### WHAT YOU ARE ASKED TO DO
Among the records below, find the lines with the word "have" and copy them.

[SUPPLIED RECORDS — start]

lemma norm_equivalence:
  assumes "z \<in> Hsp L"
  shows "stnorm L z / sqrt lower_const \<le> normH L P a1 a2 \<gamma> z"
    and "normH L P a1 a2 \<gamma> z \<le> sqrt upper_const * stnorm L z"
proof -
  obtain w v \<xi> \<psi> where z: "z = (w, v, \<xi>, \<psi>)" by (cases z) auto
  note state = assms[unfolded z]
  have "normH L P a1 a2 \<gamma> z = sqrt (energy z)"
    using ipH_eq_energy[OF state] by (simp add: normH_def z)
  moreover have "0 \<le> energy z"
  proof -
    have "0 \<le> a2 * (cmod (w 0))\<^sup>2" using a2_pos by simp
    then show ?thesis using energy_controls(3)[OF state] by (simp add: z)
  qed
  ultimately show "stnorm L z / sqrt lower_const \<le> normH L P a1 a2 \<gamma> z"
    and "normH L P a1 a2 \<gamma> z \<le> sqrt upper_const * stnorm L z"
    using sqrt_bounds_of_square_bounds[OF _ stnorm_nonneg[OF state] lower_const_pos
        energy_le[OF state] stnorm_sq_le[OF state]]
    by (simp_all add: z)
qed

end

[SUPPLIED RECORDS — finish]

### OUTPUT OF THE TASK
  have "normH L P a1 a2 \<gamma> z = sqrt (energy z)"
  moreover have "0 \<le> energy z"
    have "0 \<le> a2 * (cmod (w 0))\<^sup>2" using a2_pos by simp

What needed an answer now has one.